The data was extracted from the 1974 Motor Trend US magazine, and comprises fuel consumption and 10 aspects of automobile design and performance for 32 automobiles (1973–74 models). The data frame consists of 32 observations on 11 variables:
1 - mpg Miles/(US) gallon
2 - cyl Number of cylinders
3 - disp Displacement (cu.in.)
4 - hp Gross horsepower
5 - drat Rear axle ratio
6 - wt Weight (1000 lbs)
7 - qsec 1/4 mile time
8 - vs V/S
9 - am Transmission (0 = automatic, 1 = manual)
10- gear Number of forward gears
11- carb Number of carburetors
The first step exploring the data set by means of fitting the linear model. Within the model, we assign mpg as the outcome and the remaining variables as the regressors.
fit_exp<- lm(mpg~., data = mtcars)
summary(fit_exp)
##
## Call:
## lm(formula = mpg ~ ., data = mtcars)
##
## Residuals:
## Min 1Q Median 3Q Max
## -3.4506 -1.6044 -0.1196 1.2193 4.6271
##
## Coefficients:
## Estimate Std. Error t value Pr(>|t|)
## (Intercept) 12.30337 18.71788 0.657 0.5181
## cyl -0.11144 1.04502 -0.107 0.9161
## disp 0.01334 0.01786 0.747 0.4635
## hp -0.02148 0.02177 -0.987 0.3350
## drat 0.78711 1.63537 0.481 0.6353
## wt -3.71530 1.89441 -1.961 0.0633 .
## qsec 0.82104 0.73084 1.123 0.2739
## vs 0.31776 2.10451 0.151 0.8814
## am 2.52023 2.05665 1.225 0.2340
## gear 0.65541 1.49326 0.439 0.6652
## carb -0.19942 0.82875 -0.241 0.8122
## ---
## Signif. codes: 0 '***' 0.001 '**' 0.01 '*' 0.05 '.' 0.1 ' ' 1
##
## Residual standard error: 2.65 on 21 degrees of freedom
## Multiple R-squared: 0.869, Adjusted R-squared: 0.8066
## F-statistic: 13.93 on 10 and 21 DF, p-value: 3.793e-07
From the summary we are able to deduce that despite the high adjusted R squared, we might not need to fit variables to predict the output mpg. As fitting too many correlated variables would result in overfitting and inflated variance.
Coming to the first part of the question, we seek to find out what kind of transmission would be best for higher mpg
fit_am<- lm(mpg~ factor(am), data = mtcars)
summary(fit_am)
##
## Call:
## lm(formula = mpg ~ factor(am), data = mtcars)
##
## Residuals:
## Min 1Q Median 3Q Max
## -9.3923 -3.0923 -0.2974 3.2439 9.5077
##
## Coefficients:
## Estimate Std. Error t value Pr(>|t|)
## (Intercept) 17.147 1.125 15.247 1.13e-15 ***
## factor(am)1 7.245 1.764 4.106 0.000285 ***
## ---
## Signif. codes: 0 '***' 0.001 '**' 0.01 '*' 0.05 '.' 0.1 ' ' 1
##
## Residual standard error: 4.902 on 30 degrees of freedom
## Multiple R-squared: 0.3598, Adjusted R-squared: 0.3385
## F-statistic: 16.86 on 1 and 30 DF, p-value: 0.000285
The summary projects mpg to be 7.24 times higher when a vehicle has automatic transmission than when it has a manual transmission. However, the low value of adjacent R square suggests a lower explanatory value for the output ‘mpg’ with only ‘am’ as the regressor.

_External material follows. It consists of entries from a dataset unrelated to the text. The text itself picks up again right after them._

lemma not_set_integrable_const_divide:
  assumes "0 < a" "0 < c"
  shows "\<not> set_integrable lborel {0<..<a} (\<lambda>u::real. c / u)"
proof
  assume int: "set_integrable lborel {0<..<a} (\<lambda>u::real. c / u)"
  define J where "J = (LINT u:{0<..<a}|lborel. c / u)"
  define b where "b = a / 2"
  have "0 < b" "b < a"
    using assms by (auto simp: b_def)
  have lower: "c * (ln b - ln e) \<le> J" if "0 < e" "e \<le> b" for e
  proof -
    have "{e..b} \<subseteq> {0<..<a}"
      using that \<open>b < a\<close> by auto
    have "(LINT u:{e..b}|lborel. c / u) \<le> J"
      unfolding J_def set_lebesgue_integral_def
    proof (rule integral_mono)
      show "integrable lborel (\<lambda>u. indicator {e..b} u *\<^sub>R (c / u))"
        using set_integrable_subset[OF int _ \<open>{e..b} \<subseteq> {0<..<a}\<close>]
        unfolding set_integrable_def by simp
      show "integrable lborel (\<lambda>u. indicator {0<..<a} u *\<^sub>R (c / u))"
        using int unfolding set_integrable_def .
    qed (use that assms \<open>{e..b} \<subseteq> {0<..<a}\<close> in \<open>auto simp: indicator_def\<close>)
    then show ?thesis
      using set_integral_const_divide_Icc[OF that] by simp
  qed
  from lower[of b] have "0 \<le> J / c"
    using \<open>0 < b\<close> assms by simp
  define e where "e = b * exp (- (J / c) - 1)"
  have "0 < e" "e \<le> b"
    using \<open>0 < b\<close> \<open>0 \<le> J / c\<close> by (auto simp: e_def mult_le_cancel_left1)
  moreover have "c * (ln b - ln e) = J + c"
    using \<open>0 < b\<close> assms by (simp add: e_def ln_mult field_simps)
  ultimately show False
    using lower assms by fastforce
qed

The selecting variables with the most impact on ‘mpg’ is conducted using AIC in a Stepwise Algorithm in both the direction. The step function here works on dropping models based on AIC values, this iterative function runs multiple simulations before a suitable model is reached.

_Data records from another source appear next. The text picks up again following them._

(* Let $B\in\mathbb R^{n\times n}$ be symmetrizable and let $S=\mathrm{diag}(s_1,\dots,s_n)$ be positive definite. Order the (real) eigenvalues of $B$, $BS$, $SB$ and $S^{1/2}BS^{1/2}$ nondecreasingly. Then for every $k\in\{1,\dots,n\}$ there exists $\theta_k\in[\min_i s_i,\max_i s_i]$ such that $$\lambda_k(BS)=\lambda_k(SB)=\lambda_k(S^{1/2}BS^{1/2})=\theta_k\lambda_k(B).$$
   Context: A matrix $B\in\mathbb R^{n\times n}$ is (diagonally) symmetrizable if $DB$ is symmetric for some diagonal matrix $D$ with positive diagonal entries. $S^{1/2}$ denotes the diagonal positive definite square root of $S$. *)

theory Defs
  imports "Jordan_Normal_Form.Char_Poly"
begin

definition pos_diag_mat :: "nat \<Rightarrow> real mat \<Rightarrow> bool" where
  "pos_diag_mat n D \<longleftrightarrow> D \<in> carrier_mat n n \<and> diagonal_mat D \<and> (\<forall>i<n. D $$ (i,i) > 0)"

definition symmetrizable :: "nat \<Rightarrow> real mat \<Rightarrow> bool" where
  "symmetrizable n B \<longleftrightarrow> (\<exists>D. pos_diag_mat n D \<and> transpose_mat (D * B) = D * B)"

definition diag_sqrt :: "real mat \<Rightarrow> real mat" where
  "diag_sqrt S = mat (dim_row S) (dim_col S) (\<lambda>(i,j). if i = j then sqrt (S $$ (i,i)) else 0)"

definition sorted_eigenvalues :: "real mat \<Rightarrow> real list" where
  "sorted_eigenvalues A = (THE xs. sorted xs \<and> char_poly A = (\<Prod>x\<leftarrow>xs. [:- x, 1:]))"

end

theory Submission
  imports Defs "Jordan_Normal_Form.Schur_Decomposition"
begin

text \<open>
  If \<open>D B\<close> is symmetric for a positive diagonal \<open>D\<close>, then \<open>A = D\<^sup>1\<^sup>/\<^sup>2 B D\<^sup>-\<^sup>1\<^sup>/\<^sup>2\<close> is symmetric
  and similar to \<open>B\<close>. Diagonal matrices commute, so \<open>R A R\<close> with \<open>R = S\<^sup>1\<^sup>/\<^sup>2\<close> is similar
  to \<open>R B R\<close>, which in turn is similar to \<open>B S\<close> and to \<open>S B\<close>. It therefore suffices to
  prove Ostrowski's theorem for the congruence \<open>R A R\<close> of a real symmetric matrix.

  By Courant--Fischer, \<open>\<lambda>\<^sub>k(A) < t\<close> iff the Rayleigh quotient of \<open>A\<close> stays below \<open>t\<close> on
  some \<open>(k+1)\<close>-dimensional subspace. The image of such a subspace under \<open>R\<inverse>\<close> is one on
  which the Rayleigh quotient of \<open>R A R\<close> stays below \<open>max (s\<^sub>m\<^sub>i\<^sub>n t) (s\<^sub>m\<^sub>a\<^sub>x t)\<close>, whence
  \<open>\<lambda>\<^sub>k(R A R) \<le> max (s\<^sub>m\<^sub>i\<^sub>n \<lambda>\<^sub>k(A)) (s\<^sub>m\<^sub>a\<^sub>x \<lambda>\<^sub>k(A))\<close>. The same argument for
  \<open>A = R\<inverse> (R A R) R\<inverse>\<close> gives the reverse bound, and together they say that
  \<open>\<lambda>\<^sub>k(R A R) = \<theta> \<lambda>\<^sub>k(A)\<close> for some \<open>\<theta>\<close> between \<open>s\<^sub>m\<^sub>i\<^sub>n\<close> and \<open>s\<^sub>m\<^sub>a\<^sub>x\<close>.
\<close>

lemma scalar_prod_self_nonneg: "0 \<le> (v :: 'a::linordered_ring_strict vec) \<bullet> v"
  unfolding scalar_prod_def by (intro sum_nonneg) simp

lemma scalar_prod_self_sum:
  "(x :: 'a::comm_semiring_1 vec) \<in> carrier_vec n \<Longrightarrow> x \<bullet> x = (\<Sum>i<n. (x $ i)\<^sup>2)"
  unfolding scalar_prod_def by (intro sum.cong) (auto simp: power2_eq_square)

lemma dim_mat_diag [simp]: "dim_row (mat_diag n f) = n" "dim_col (mat_diag n f) = n"
  unfolding mat_diag_def by simp_all

lemma mat_diag_cong:
  "(\<And>i. i < n \<Longrightarrow> f i = g i) \<Longrightarrow> mat_diag n f = mat_diag n g"
  unfolding mat_diag_def by (intro eq_matI) auto

lemma mat_diag_mult_vec:
  assumes "y \<in> carrier_vec n"
  shows "mat_diag n f *\<^sub>v y = vec n (\<lambda>i. f i * y $ i)"
  using assms
  by (intro eq_vecI) (simp_all add: mat_diag_def scalar_prod_def if_distrib[of "\<lambda>x. x * _"] cong: if_cong)

lemma index_mat_diag_conj:
  "X \<in> carrier_mat n n \<Longrightarrow> i < n \<Longrightarrow> j < n \<Longrightarrow>
    (mat_diag n f * X * mat_diag n g) $$ (i, j) = f i * X $$ (i, j) * g j"
  by (simp add: mat_diag_mult_left[of X n n] mat_diag_mult_right[of _ n n])

lemma mat_diag_conj_conj:
  fixes X :: "'a::comm_semiring_0 mat"
  assumes X: "X \<in> carrier_mat n n"
  shows "mat_diag n f * (mat_diag n g * X * mat_diag n h) * mat_diag n k
    = mat_diag n (\<lambda>i. f i * g i) * X * mat_diag n (\<lambda>i. h i * k i)"
proof (rule eq_matI)
  fix i j
  assume "i < dim_row (mat_diag n (\<lambda>i. f i * g i) * X * mat_diag n (\<lambda>i. h i * k i))"
    and "j < dim_col (mat_diag n (\<lambda>i. f i * g i) * X * mat_diag n (\<lambda>i. h i * k i))"
  then have i: "i < n" and j: "j < n" by simp_all
  have inner: "mat_diag n g * X * mat_diag n h \<in> carrier_mat n n"
    using X by (simp add: mult_carrier_mat[of _ n n _ n])
  show "(mat_diag n f * (mat_diag n g * X * mat_diag n h) * mat_diag n k) $$ (i, j)
      = (mat_diag n (\<lambda>i. f i * g i) * X * mat_diag n (\<lambda>i. h i * k i)) $$ (i, j)"
    unfolding index_mat_diag_conj[OF inner i j] index_mat_diag_conj[OF X i j] by (simp add: ac_simps)
qed simp_all

lemma transpose_mat_diag_conj:
  fixes A :: "'a::comm_semiring_0 mat"
  assumes "A \<in> carrier_mat n n"
  shows "transpose_mat (mat_diag n d * A * mat_diag n d) = mat_diag n d * transpose_mat A * mat_diag n d"
proof (rule eq_matI)
  fix i j
  assume "i < dim_row (mat_diag n d * transpose_mat A * mat_diag n d)"
    and "j < dim_col (mat_diag n d * transpose_mat A * mat_diag n d)"
  then have i: "i < n" and j: "j < n" by simp_all
  have "transpose_mat (mat_diag n d * A * mat_diag n d) $$ (i, j) = d j * A $$ (j, i) * d i"
    using index_mat_diag_conj[OF assms j i] i j by simp
  also have "\<dots> = (mat_diag n d * transpose_mat A * mat_diag n d) $$ (i, j)"
    using index_mat_diag_conj[of "transpose_mat A" n i j] assms i j by (simp add: ac_simps)
  finally show "transpose_mat (mat_diag n d * A * mat_diag n d) $$ (i, j)
      = (mat_diag n d * transpose_mat A * mat_diag n d) $$ (i, j)" .
qed simp_all

lemma mat_diag_cancel_left:
  fixes f g :: "nat \<Rightarrow> 'a::semiring_1"
  assumes "\<And>i. i < n \<Longrightarrow> f i * g i = 1" and "U \<in> carrier_mat n m"
  shows "mat_diag n f * (mat_diag n g * U) = U"
  using assms by (intro eq_matI) (auto simp: mat_diag_mult_left[of _ n m] mult.assoc[symmetric])

lemma scalar_prod_mat_diag_mult_vec:
  fixes x y :: "'a::comm_semiring_0 vec"
  shows "x \<in> carrier_vec n \<Longrightarrow> y \<in> carrier_vec n \<Longrightarrow> x \<bullet> (mat_diag n f *\<^sub>v y) = (mat_diag n f *\<^sub>v x) \<bullet> y"
  by (auto simp: mat_diag_mult_vec scalar_prod_def ac_simps intro!: sum.cong)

# model<- step(lm(mpg~., data = mtcars), direction = "both")
model
##
## Call:
## lm(formula = mpg ~ wt + qsec + am, data = mtcars)
##
## Coefficients:
## (Intercept) wt qsec am
## 9.618 -3.917 1.226 2.936
summary(lm(mpg~wt+qsec+am, data = mtcars))
##
## Call:
## lm(formula = mpg ~ wt + qsec + am, data = mtcars)
##
## Residuals:
## Min 1Q Median 3Q Max
## -3.4811 -1.5555 -0.7257 1.4110 4.6610
##
## Coefficients:
## Estimate Std. Error t value Pr(>|t|)
## (Intercept) 9.6178 6.9596 1.382 0.177915
## wt -3.9165 0.7112 -5.507 6.95e-06 ***
## qsec 1.2259 0.2887 4.247 0.000216 ***
## am 2.9358 1.4109 2.081 0.046716 *
## ---
## Signif. codes: 0 '***' 0.001 '**' 0.01 '*' 0.05 '.' 0.1 ' ' 1
##
## Residual standard error: 2.459 on 28 degrees of freedom
## Multiple R-squared: 0.8497, Adjusted R-squared: 0.8336
## F-statistic: 52.75 on 3 and 28 DF, p-value: 1.21e-11
From the simulations, it becomes evident that along with ‘am’, variables ‘qsec’ and ‘wt’ has to be accounted for to realise a robust model.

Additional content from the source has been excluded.